One of the most important issues that may affect your servers performance is how they deal with DNS. The look ups that your server has to make is something that will affect the speed of your web server or proxy. So in most circumstances, a DNS lookup is used to find the IP address that the server should connect to when retrieving a URL. In many instances this is not an issue, for example if all the content is stored on the local host – then no lookups are required. But often web content contains lots of links and images stored on other servers. For a web server this can affect performance, but for a proxy server it can almost bring the server to it’s knees.
Unfortunately for many servers there’s no solution to performing DNS lookups – basically it’s the way the internet works. For a proxy server it’s even more problematic, for an active connection there will be hundreds of request, both normal and reverse DNS lookups. If you multiply this by a few hundred or even thousand clients then you can imagine the potential impact on your server. The lookups are unavoidable, so to increase performance for DNS and for a server overall you should look at DNS caching.
You should always install this feature whenever possible, it allows a server to internally remember a series of IP addresses in order to resolve requests instantly. It can have a huge affect on performance – the servers can avoid many DNS lookup requests and thus avoid the latency and impact of them. But remember the DNS lookup is only obligatory when the requester actually needs to connect to the source.
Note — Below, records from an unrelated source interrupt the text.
lemma sphere_2_of_leaf_subset:
  assumes "leaf V E w" "E w q"
  shows "sphere V E w 2 \<subseteq> {x \<in> V. E q x} - {w}"
proof
  fix x assume "x \<in> sphere V E w 2"
  then have x: "x \<in> V" "gdist V E w x = 2" unfolding sphere_def by auto
  have w: "w \<in> V" using assms(1) unfolding leaf_def by auto
  have "{z \<in> V. E w z} = {q}"
  proof -
    have "q \<in> {z \<in> V. E w z}" using assms(2) adj_in_vertices by auto
    moreover have "card {z \<in> V. E w z} = 1" using assms(1) unfolding leaf_def degree_def by auto
    ultimately show ?thesis by (metis card_1_singletonE singletonD)
  qed
  have "x \<noteq> w" using x gdist_self w by auto
  then obtain z where z: "z \<in> V" "E x z" "gdist V E w z = 1"
    using exists_closer_neighbour[OF w x(1)] x by auto
  then have "z \<noteq> w" using gdist_self w by auto
  then obtain z0 where "z0 \<in> V" "E z z0" "gdist V E w z0 = 0"
    using exists_closer_neighbour[OF w z(1)] z(3) by auto
  then have "E w z" using gdist_eq_0_imp_eq[OF w] adj_sym by auto
  then have "z = q" using \<open>{z \<in> V. E w z} = {q}\<close> z(1) by auto
  then show "x \<in> {x \<in> V. E q x} - {w}" using z x \<open>x \<noteq> w\<close> adj_sym by auto
qed

end

locale tree_graph =
  fixes V :: "'a set" and E :: "'a \<Rightarrow> 'a \<Rightarrow> bool"
  assumes tree: "is_tree V E"

sublocale tree_graph \<subseteq> connected_simple_graph
  using tree unfolding is_tree_def by unfold_locales auto

context tree_graph
begin

lemma finite_edges: "finite (edges V E)"
proof -
  have "edges V E \<subseteq> (\<lambda>(a, b). {a, b}) ` (V \<times> V)" unfolding edges_def by auto
  then show ?thesis using finite_vertices finite_subset by blast
qed

text \<open>The parent edges are pairwise distinct and there are |V| - 1 of them, so they exhaust
  the edges of the tree.\<close>

lemma edges_eq_parent_edges:
  assumes u: "u \<in> V"
  obtains par where
    "\<And>x. x \<in> V - {u} \<Longrightarrow> par x \<in> V \<and> E x (par x) \<and> gdist V E u (par x) + 1 = gdist V E u x"
    "edges V E = (\<lambda>x. {x, par x}) ` (V - {u})"
proof -
  define par where
    "par y = (SOME z. z \<in> V \<and> E y z \<and> gdist V E u z + 1 = gdist V E u y)" for y
  have par: "par x \<in> V \<and> E x (par x) \<and> gdist V E u (par x) + 1 = gdist V E u x"
    if "x \<in> V - {u}" for x
  proof -
    have "\<exists>z. z \<in> V \<and> E x z \<and> gdist V E u z + 1 = gdist V E u x"
      using exists_closer_neighbour[OF u, of x] that by blast
    then show ?thesis unfolding par_def by (rule someI_ex)
  qed
  define parent_edge where "parent_edge x = {x, par x}" for x
  have "inj_on parent_edge (V - {u})"
  proof (rule inj_onI)
    fix a b assume a: "a \<in> V - {u}" and b: "b \<in> V - {u}" and "parent_edge a = parent_edge b"
    then have "a = b \<or> (a = par b \<and> b = par a)"
      unfolding parent_edge_def by (auto simp: doubleton_eq_iff)
    then show "a = b" using par[OF a] par[OF b] by auto
  qed
  then have "card (parent_edge ` (V - {u})) = card V - 1"
    using u finite_vertices by (simp add: card_image)
  also have "\<dots> = card (edges V E)" using tree unfolding is_tree_def by linarith
  moreover have "parent_edge ` (V - {u}) \<subseteq> edges V E"
    unfolding edges_def parent_edge_def using par by blast
  ultimately have "parent_edge ` (V - {u}) = edges V E"
    using card_subset_eq[OF finite_edges] by simp
  then show ?thesis using that[of par] par unfolding parent_edge_def by simp
qed

lemma unique_closer_neighbour:
  assumes u: "u \<in> V" and y: "y \<in> V" and "y \<noteq> u"
  obtains z where "E y z" "gdist V E u z + 1 = gdist V E u y"
    "\<And>z'. E y z' \<Longrightarrow> z' \<noteq> z \<Longrightarrow> gdist V E u z' = gdist V E u y + 1"
proof -
  obtain par where par:
    "\<And>x. x \<in> V - {u} \<Longrightarrow> par x \<in> V \<and> E x (par x) \<and> gdist V E u (par x) + 1 = gdist V E u x"
    and edges: "edges V E = (\<lambda>x. {x, par x}) ` (V - {u})"
    using edges_eq_parent_edges[OF u] by blast
  have "gdist V E u z' = gdist V E u y + 1" if "E y z'" "z' \<noteq> par y" for z'
  proof -
    have "{y, z'} \<in> edges V E" unfolding edges_def using that adj_in_vertices by blast
    then obtain y' where y': "y' \<in> V - {u}" "{y, z'} = {y', par y'}"
      using edges by blast
    then have "y = par y'" "z' = y'" using that by (auto simp: doubleton_eq_iff)
    then show ?thesis using par[OF y'(1)] by simp
  qed
  moreover have "E y (par y)" "gdist V E u (par y) + 1 = gdist V E u y"
    using par[of y] y \<open>y \<noteq> u\<close> by auto
  ultimately show ?thesis using that by blast
qed

lemma farthest_vertex_leaf:
  assumes u: "u \<in> V" and w: "w \<in> V" and "gdist V E u w \<ge> 4"
    and farthest: "\<And>b. b \<in> V \<Longrightarrow> gdist V E u b \<le> gdist V E u w"
  shows "leaf V E w" and "card (sphere V E w 2) \<le> card (far_set V E u 4)"
proof -
  let ?D = "gdist V E u w"
  have "w \<noteq> u" using assms(3) gdist_self u by auto
  then obtain q where q: "E w q" "gdist V E u q + 1 = ?D"
    and farther: "\<And>z'. E w z' \<Longrightarrow> z' \<noteq> q \<Longrightarrow> gdist V E u z' = ?D + 1"
    using unique_closer_neighbour[OF u w] by metis
  have "q \<in> V" using adj_in_vertices q by auto
  have "{z \<in> V. E w z} = {q}"
    using farther farthest \<open>q \<in> V\<close> q(1) by fastforce
  then show "leaf V E w" unfolding leaf_def degree_def using w by simp
  have "q \<noteq> u" using q assms(3) gdist_self u by auto
  then obtain q' where "E q q'"
    and children: "\<And>x. E q x \<Longrightarrow> x \<noteq> q' \<Longrightarrow> gdist V E u x = gdist V E u q + 1"
    using unique_closer_neighbour[OF u \<open>q \<in> V\<close>] by metis
  define N where "N = {x \<in> V. E q x}"
  have "finite N" unfolding N_def using finite_vertices by simp
  have "w \<in> N" "q' \<in> N" unfolding N_def using w q(1) \<open>E q q'\<close> adj_sym adj_in_vertices by auto
  have "N - {q'} \<subseteq> far_set V E u 4"
    unfolding N_def far_set_def using children q(2) assms(3) by auto
  have "card (sphere V E w 2) \<le> card (N - {w})"
    using sphere_2_of_leaf_subset[OF \<open>leaf V E w\<close> q(1)] \<open>finite N\<close>
    unfolding N_def by (intro card_mono) auto
  also have "\<dots> = card (N - {q'})" using \<open>w \<in> N\<close> \<open>q' \<in> N\<close> \<open>finite N\<close> by simp
  also have "\<dots> \<le> card (far_set V E u 4)"
    using \<open>N - {q'} \<subseteq> far_set V E u 4\<close> finite_vertices
    unfolding far_set_def by (intro card_mono) auto
  finally show "card (sphere V E w 2) \<le> card (far_set V E u 4)" .
qed

lemma diameter_attained:
  obtains u w where "u \<in> V" "w \<in> V" "gdist V E u w = diameter V E"
    "\<And>a b. a \<in> V \<Longrightarrow> b \<in> V \<Longrightarrow> gdist V E a b \<le> diameter V E"
proof -
  let ?A = "{gdist V E u v | u v. u \<in> V \<and> v \<in> V}"
  have "?A = (\<lambda>(u, v). gdist V E u v) ` (V \<times> V)" by auto
  then have "finite ?A" using finite_vertices by simp
  have "V \<noteq> {}" using tree unfolding is_tree_def by blast
  then have "?A \<noteq> {}" by blast
  have "diameter V E \<in> ?A"
    unfolding diameter_def using Max_in[OF \<open>finite ?A\<close> \<open>?A \<noteq> {}\<close>] .
  then obtain u w where "u \<in> V" "w \<in> V" "gdist V E u w = diameter V E" by auto
  moreover have "gdist V E a b \<le> diameter V E" if "a \<in> V" "b \<in> V" for a b
    unfolding diameter_def using Max_ge[OF \<open>finite ?A\<close>] that by blast
  ultimately show ?thesis using that by blast
qed

end

theorem mainTheorem15:
  fixes V :: "'a set" and E :: "'a \<Rightarrow> 'a \<Rightarrow> bool" and n :: nat
  assumes "is_tree V E"
    and "card V = n" and "n \<ge> 7"
    and "\<forall>v. leaf V E v \<longrightarrow>
           int (card (sphere V E v 2)) > \<lceil>real n / 2\<rceil> - 4 \<and>
           int (card (far_set V E v 4)) < int (card (sphere V E v 2)) + 4 - \<lceil>real n / 2\<rceil>"
  shows "diameter V E \<le> 3"
proof (rule ccontr)
  interpret tree_graph V E using assms(1) by unfold_locales
  assume "\<not> diameter V E \<le> 3"
  obtain u w where u: "u \<in> V" and w: "w \<in> V" and uw: "gdist V E u w = diameter V E"
    and diam: "\<And>a b. a \<in> V \<Longrightarrow> b \<in> V \<Longrightarrow> gdist V E a b \<le> diameter V E"
    using diameter_attained by blast
  have wu: "gdist V E w u = diameter V E" using gdist_commute u w uw by simp
  have "leaf V E w" "card (sphere V E w 2) \<le> card (far_set V E u 4)"
    using farthest_vertex_leaf[OF u w] uw diam u \<open>\<not> diameter V E \<le> 3\<close> by simp_all
  moreover have "leaf V E u" "card (sphere V E u 2) \<le> card (far_set V E w 4)"
    using farthest_vertex_leaf[OF w u] wu diam w \<open>\<not> diameter V E \<le> 3\<close> by simp_all
  moreover have "\<lceil>real n / 2\<rceil> \<ge> 4" using assms(3) by linarith
  ultimately show False using assms(4)[rule_format, of u] assms(4)[rule_format, of w] by linarith
qed

end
If you have lost of hosted images from other sites, make sure that your web server load them and doesn’t wait endless requests from other sites.
For proxy servers this stuff is even more important, they’ll get loads more requests. Take for example this instance of a infrastructure of proxy servers designed to encrypt and protect your identity. The security has to be incredibly secure, but in reality people don’t use services that slow their connections down – just look at this video how to find a fast proxy server.
DNS caching can take place anywhere that DNS lookups are required. You can also use it as a tool to protect a server’s resources – for example don’t use up server resources repeatedly looking up bad addresses. Make sure that you install some sort of system that ignores repeated DNS requests for bad servers. If it can’t be resolved and can’t be cached then it should be ignored.